Last week, we had an issue with one of our Kafka brokers. Don't worry, it didn't impact any customers. When monitoring things closely, you can often solve things before they impact a customer ;-). In today's post, I'll show you how we use AppSignal to dogfood our own issues. I'll go through how we monitor the non-Ruby part of our stack and how we used AppSignal to detect and resolve the issue.
First, let's see how our data processing stack currently operates.
1[push] > [kafka] > [processor] > [kafka] > [database]
We have multiple "Push" API nodes that accept payloads from the
appsignal-agent. These nodes parse the (Protobuf) data and emit messages to Kafka on various topics. The push nodes accept HTTP payloads and store them on disk/in Redis to create a buffer in case there's an issue with Kafka.
A "processor" consumes these topics and aggregates the data. From there, it goes (through Kafka) to our databases.
Monitoring Non-Ruby/Elixir/Node Processes
[processor] nodes can be monitored with an AppSignal language integration. Kafka servers run separately from the application code, so using a language integration is not possible. We still need insight into how Kafka operates though.

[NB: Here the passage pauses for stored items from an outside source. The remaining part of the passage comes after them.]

(* Let $Z_u > 0$, $Z_{\bar u} \ge 0$, $Z_u^y$ and $Z_{\bar u}^y$ be real numbers with $0 < Z_u^y \le Z_u$ and $0 \le Z_{\bar u}^y \le Z_{\bar u}$, and let $w \ge Z_{\bar u}$. Put $Z_\rho = Z_u + Z_{\bar u}$ and $Z_\rho^y = Z_u^y + Z_{\bar u}^y$. Then \[ \mathrm{KL}\!\left(\mathcal{B}\!\left(\tfrac{Z_u^y}{Z_\rho^y}\right)\,\middle\|\,\mathcal{B}\!\left(\tfrac{Z_u}{Z_\rho}\right)\right) \;\le\; \lg\frac{Z_u + w}{Z_u^y}. \]
   Context: Interpretation (for motivation only): for a leaf $\rho$ of a decision tree, $Z_u, Z_{\bar u}$ are the total boosting weights of assessed (seen) and unassessed (unseen) training examples reaching $\rho$, $Z_u^y, Z_{\bar u}^y$ are the corresponding weights of examples with label $y$, and $w$ is the total unseen weight over all leaves. $\lg$ is the base-2 logarithm with $0\lg 0=0$ and $0\lg(0/0)=0$. $\mathcal{B}(p)$ is the Bernoulli distribution with parameter $p$, and $\mathrm{KL}(\mathcal{B}(p)\|\mathcal{B}(q)) = p\lg\frac{p}{q} + (1-p)\lg\frac{1-p}{1-q}$. *)

theory Defs
  imports Complex_Main
begin

definition lg :: "real \<Rightarrow> real" where
  "lg x = log 2 x"

definition plg :: "real \<Rightarrow> real \<Rightarrow> real" where
  "plg p q = (if p = 0 then 0 else p * lg (p / q))"

definition KL_bern :: "real \<Rightarrow> real \<Rightarrow> real" where
  "KL_bern p q = plg p q + plg (1 - p) (1 - q)"

end

theory Submission
  imports Defs
begin

text \<open>Every likelihood ratio p/q and (1-p)/(1-q) of the two Bernoulli distributions is at most
  (Zu + Zubar)/Zuy, and KL divergence never exceeds the logarithm of an upper bound on the
  likelihood ratios. Since Zubar \<le> w, the claim follows.\<close>

lemma plg_le_mult_lg:
  assumes "0 \<le> p" and "0 < p \<Longrightarrow> 0 < p / q \<and> p / q \<le> M"
  shows "plg p q \<le> p * lg M"
proof (cases "p = 0")
  case True
  then show ?thesis by (simp add: plg_def)
next
  case False
  with assms have "0 < p" "0 < p / q" "p / q \<le> M" by auto
  then have "p * lg (p / q) \<le> p * lg M"
    by (intro mult_left_mono) (auto simp: lg_def)
  with False show ?thesis by (simp add: plg_def)
qed

lemma KL_bern_le_lg:
  assumes "0 \<le> p" and "p \<le> 1"
    and "0 < p \<Longrightarrow> 0 < p / q \<and> p / q \<le> M"
    and "p < 1 \<Longrightarrow> 0 < (1 - p) / (1 - q) \<and> (1 - p) / (1 - q) \<le> M"
  shows "KL_bern p q \<le> lg M"
proof -
  have "plg p q \<le> p * lg M"
    using assms(1,3) by (rule plg_le_mult_lg)
  moreover have "plg (1 - p) (1 - q) \<le> (1 - p) * lg M"
    using assms(2,4) by (intro plg_le_mult_lg) auto
  ultimately show ?thesis
    unfolding KL_bern_def by (simp add: algebra_simps)
qed

lemma share_ratio_first_le:
  fixes a b A B :: real
  assumes "0 < a" "a \<le> A" "0 \<le> b" "0 \<le> B"
  shows "0 < (a / (a + b)) / (A / (A + B)) \<and> (a / (a + b)) / (A / (A + B)) \<le> (A + B) / a"
proof -
  have pos: "0 < (a + b) * A" "0 < A + B"
    using assms by auto
  have "a * a \<le> (a + b) * A"
    using assms by (intro mult_mono) auto
  then have "a * (A + B) * a \<le> (A + B) * ((a + b) * A)"
    using pos by (simp add: mult.commute mult.left_commute mult_left_mono)
  then have "a * (A + B) / ((a + b) * A) \<le> (A + B) / a"
    using pos assms(1) by (simp add: frac_le_eq divide_le_eq le_divide_eq)
  moreover have "(a / (a + b)) / (A / (A + B)) = a * (A + B) / ((a + b) * A)"
    by simp
  ultimately show ?thesis
    using pos assms(1) by simp
qed

lemma share_ratio_second_le:
  fixes a b A B :: real
  assumes "0 < a" "a \<le> A" "0 < b" "b \<le> B"
  shows "0 < (b / (a + b)) / (B / (A + B)) \<and> (b / (a + b)) / (B / (A + B)) \<le> (A + B) / a"
proof -
  have pos: "0 < (a + b) * B" "0 < A + B"
    using assms by auto
  have "b * a \<le> B * a"
    using assms by (intro mult_right_mono) auto
  also have "\<dots> \<le> (a + b) * B"
    using assms by (simp add: algebra_simps)
  finally have "b * a \<le> (a + b) * B" .
  then have "b * (A + B) * a \<le> (A + B) * ((a + b) * B)"
    using pos by (simp add: mult.commute mult.left_commute mult_left_mono)
  then have "b * (A + B) / ((a + b) * B) \<le> (A + B) / a"
    using pos assms(1) by (simp add: frac_le_eq divide_le_eq le_divide_eq)
  moreover have "(b / (a + b)) / (B / (A + B)) = b * (A + B) / ((a + b) * B)"
    by simp
  ultimately show ?thesis
    using pos assms by simp
qed

theorem mainTheorem2:
  fixes Zu Zubar Zuy Zubary w :: real
  assumes "Zu > 0" and "Zubar \<ge> 0"
    and "0 < Zuy" and "Zuy \<le> Zu"
    and "0 \<le> Zubary" and "Zubary \<le> Zubar"
    and "w \<ge> Zubar"
  shows "KL_bern (Zuy / (Zuy + Zubary)) (Zu / (Zu + Zubar)) \<le> lg ((Zu + w) / Zuy)"
proof -
  let ?p = "Zuy / (Zuy + Zubary)" and ?q = "Zu / (Zu + Zubar)"
  have p_compl: "1 - ?p = Zubary / (Zuy + Zubary)" and q_compl: "1 - ?q = Zubar / (Zu + Zubar)"
    using assms by (simp_all add: field_simps)
  have "KL_bern ?p ?q \<le> lg ((Zu + Zubar) / Zuy)"
  proof (rule KL_bern_le_lg)
    show "0 \<le> ?p" "?p \<le> 1"
      using assms by simp_all
    show "0 < ?p / ?q \<and> ?p / ?q \<le> (Zu + Zubar) / Zuy"
      using assms by (intro share_ratio_first_le) auto
    assume "?p < 1"
    then have "0 < Zubary"
      using assms by (cases "Zubary = 0") auto
    then show "0 < (1 - ?p) / (1 - ?q) \<and> (1 - ?p) / (1 - ?q) \<le> (Zu + Zubar) / Zuy"
      unfolding p_compl q_compl using assms by (intro share_ratio_second_le) auto
  qed
  also have "\<dots> \<le> lg ((Zu + w) / Zuy)"
    using assms by (simp add: lg_def divide_right_mono)
  finally show ?thesis .
qed

end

We use the standalone agent with the statsd option enabled and run jmxfetch to get JMX metrics from Kafka. You can read more about our setup here. Besides JMX Metrics, the standalone agent collects host metrics such as memory and CPU usage.
Detecting the Issue
One sunny afternoon, we received several notifications in our #errors Slack channel. These came from our anomaly detection feature, where we monitor the queue size of our Push nodes.
We use the "comment" feature for triggers to describe what set off the trigger and what to do to verify the issue or solve it immediately. After each issue, we update the comments to ensure that the next time it happens, the issue will be resolved more quickly. We're not afraid of placing large blocks of texts in there and linking to corresponding graphs on AppSignal.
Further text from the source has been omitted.